The next generation of customer engagement can start by thinking about “customers” and not “ratepayers,” experience as well as energy use, and value versus costs. We’re seeing new models emerge that leverage customer segmentation and consumer marketing analytics to drive DER adoption based on real customer needs; that increase customer trust by providing clear, easy-to-understand quote comparisons; and that cut through bureaucratic red tape to deliver a seamless customer experience.
8. DERs for Low- and Moderate-Income Customers
When thinking about the role customers can and will play in the grid of the future, it’s important that we remember our low- and moderate-income customers, those who often face the greatest risks with the fewest resources to adapt to a changing energy landscape. For years, regulators have ensured that energy costs do not become an undue financial burden to low- and moderate-income (LMI) customers by providing special credits, subsidies, or rates to these customers, as well as by ensuring that utility investments are fair, justifiable, and reasonable.
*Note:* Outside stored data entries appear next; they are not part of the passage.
lemma conv_den_update_last:
  "conv_den (b(k := x)) k = conv_den b k + (x - b k) * conv_den_prev b k"
proof (cases k)
  case (Suc m)
  then have "conv_den (b(k := x)) m = conv_den b m" "conv_den_prev (b(k := x)) m = conv_den_prev b m"
    by (auto intro: conv_den_cong conv_den_prev_cong)
  with Suc show ?thesis
    by (simp add: conv_den_Suc algebra_simps)
qed (simp add: conv_den_prev_def)

text \<open>Replacing the last entry \<open>b\<^sub>k\<close> by the two entries \<open>b\<^sub>k - 1, 1\<close> gives the other expansion of the
  same rational number.\<close>

lemma conv_split_last:
  assumes b': "b' = b(k := b k - 1, Suc k := 1)"
  shows "conv_num b' (Suc k) = conv_num b k" "conv_den b' (Suc k) = conv_den b k"
    and "conv_den_prev b' (Suc k) = conv_den b k - conv_den_prev b k"
proof -
  have "conv_num b' k = conv_num (b(k := b k - 1)) k" "conv_den b' k = conv_den (b(k := b k - 1)) k"
    by (auto intro: conv_num_cong conv_den_cong simp: b')
  moreover have "conv_num_prev b' k = conv_num_prev b k" "conv_den_prev b' k = conv_den_prev b k"
    by (auto intro: conv_num_prev_cong conv_den_prev_cong simp: b')
  moreover have "b' (Suc k) = 1"
    by (simp add: b')
  ultimately show "conv_num b' (Suc k) = conv_num b k" "conv_den b' (Suc k) = conv_den b k"
    "conv_den_prev b' (Suc k) = conv_den b k - conv_den_prev b k"
    by (simp_all add: conv_num_Suc conv_den_Suc conv_num_update_last conv_den_update_last)
qed

lemma cf_defined_mono: "cf_defined x m \<Longrightarrow> i \<le> m \<Longrightarrow> cf_defined x i"
  by (auto simp: cf_defined_def)

lemma cf_rem_Suc_gt_1:
  assumes "cf_defined x (Suc i)"
  shows "cf_rem x (Suc i) > 1"
proof -
  from assms have "cf_rem x i \<notin> \<int>"
    by (simp add: cf_defined_def)
  then have "0 < frac (cf_rem x i)" "frac (cf_rem x i) < 1"
    by (simp_all add: frac_gt_0_iff frac_lt_1)
  then show ?thesis
    by simp
qed

lemma cf_a_ge_1:
  assumes "cf_defined x m" "1 \<le> i" "i \<le> m"
  shows "cf_a x i \<ge> 1"
proof -
  obtain i' where i': "i = Suc i'"
    using assms(2) by (cases i) auto
  have "cf_rem x i > 1"
    using cf_rem_Suc_gt_1[of x i'] cf_defined_mono[OF assms(1)] assms(3) i' by simp
  then show ?thesis
    unfolding cf_a_def by linarith
qed

lemma cf_q_bounds:
  assumes "cf_defined x k"
  shows "cf_q x k \<ge> 1" "cf_q_prev x k \<ge> 0"
  using conv_den_bounds(1,2)[of k "cf_a x"] cf_a_ge_1[OF assms]
  by (simp_all add: cf_q_conv_den cf_q_prev_conv_den_prev)

lemma cf_a_le_cf_B: "cf_defined x i \<Longrightarrow> 1 \<le> i \<Longrightarrow> enat (nat (cf_a x i)) \<le> cf_B x"
  unfolding cf_B_def by (rule SUP_upper) simp

lemma cf_eq_conv_moebius:
  assumes "cf_defined x (Suc k)"
  shows "x = conv_moebius (cf_a x) k (cf_rem x (Suc k))"
  using assms
proof (induction k)
  case 0
  then have "frac x > 0"
    by (simp add: cf_defined_def frac_gt_0_iff)
  moreover have "x = of_int (cf_a x 0) + frac x"
    by (simp add: cf_a_def frac_def)
  ultimately show ?case
    by (simp add: conv_moebius_def conv_num_prev_def conv_den_prev_def field_simps)
next
  case (Suc k)
  then have "frac (cf_rem x (Suc k)) > 0"
    by (simp add: cf_defined_def frac_gt_0_iff del: cf_rem.simps)
  then have "cf_rem x (Suc k) = of_int (cf_a x (Suc k)) + 1 / cf_rem x (Suc (Suc k))"
    and "cf_rem x (Suc (Suc k)) \<noteq> 0"
    by (simp_all add: cf_a_def frac_def)
  moreover have "x = conv_moebius (cf_a x) k (cf_rem x (Suc k))"
    using Suc cf_defined_mono by fastforce
  ultimately show ?case
    by (metis conv_moebius_Suc)
qed

lemma floor_plus_inverse:
  fixes w :: real
  assumes "w > 1"
  shows "\<lfloor>of_int c + 1 / w\<rfloor> = c" and "frac (of_int c + 1 / w) = 1 / w"
    and "of_int c + 1 / w \<notin> \<int>"
proof -
  have "0 < 1 / w" "1 / w < 1"
    using assms by auto
  then show "\<lfloor>of_int c + 1 / w\<rfloor> = c"
    by (simp add: floor_unique)
  then show frac: "frac (of_int c + 1 / w) = 1 / w"
    by (simp add: frac_def)
  show "of_int c + 1 / w \<notin> \<int>"
    using \<open>0 < 1 / w\<close> frac by (metis frac_gt_0_iff)
qed

lemma cf_of_conv_moebius:
  assumes "\<And>i. 1 \<le> i \<Longrightarrow> i \<le> k \<Longrightarrow> b i \<ge> 1" "w > 1"
  shows "\<forall>i\<le>k. cf_a (conv_moebius b k w) i = b i"
    and "cf_defined (conv_moebius b k w) (Suc k)"
    and "cf_rem (conv_moebius b k w) (Suc k) = w"
proof -
  have "(\<forall>i\<le>k. cf_a y i = b i) \<and> cf_defined y (Suc k) \<and> cf_rem y (Suc k) = w"
    if "y = conv_moebius b k w" for y
    using assms that
  proof (induction k arbitrary: w)
    case 0
    then have "y = of_int (b 0) + 1 / w"
      by (simp add: conv_moebius_def conv_num_prev_def conv_den_prev_def field_simps)
    with floor_plus_inverse[OF 0(2), of "b 0"] show ?case
      by (simp add: cf_a_def cf_defined_def)
  next
    case (Suc k)
    define w' where "w' = of_int (b (Suc k)) + 1 / w"
    have "real_of_int (b (Suc k)) \<ge> 1" "1 / w > 0"
      using Suc.prems by auto
    then have "w' > 1"
      unfolding w'_def by linarith
    moreover have "y = conv_moebius b k w'"
      using Suc.prems conv_moebius_Suc[of w b k] by (simp add: w'_def)
    ultimately have IH: "\<forall>i\<le>k. cf_a y i = b i" "cf_defined y (Suc k)" "cf_rem y (Suc k) = w'"
      using Suc.IH[of w'] Suc.prems by auto
    note w' = floor_plus_inverse[OF Suc.prems(2), of "b (Suc k)", folded w'_def]
    have "cf_a y (Suc k) = b (Suc k)"
      using IH w' by (simp add: cf_a_def)
    moreover have "cf_defined y (Suc (Suc k))"
      using IH(2,3) w' unfolding cf_defined_def by (auto simp del: cf_rem.simps simp: less_Suc_eq)
    moreover have "cf_rem y (Suc (Suc k)) = w"
      using IH w' Suc.prems(2) by simp
    ultimately show ?case
      using IH(1) le_Suc_eq by auto
  qed
  then show "\<forall>i\<le>k. cf_a (conv_moebius b k w) i = b i"
    and "cf_defined (conv_moebius b k w) (Suc k)"
    and "cf_rem (conv_moebius b k w) (Suc k) = w"
    by blast+
qed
In 2017, with the decrease in the costs of DERs coupled with smartphone-enabled engagement pathways (including pay-by-phone, electronic billing, and pre-pay), utilities, regulators, and others are revisiting whether they can serve these customers better with DERs than with subsidies. Doing so would simultaneously reduce costs while also improving customer metrics, including a declining energy footprint.
These eight opportunities and challenges are center stage for RMI and eLab network members. In the weeks ahead, we’ll share with you their insights and their accomplishments on these issues, as well as the other solutions we’re working to co-create through eLab as we transform the U.S. electricity system.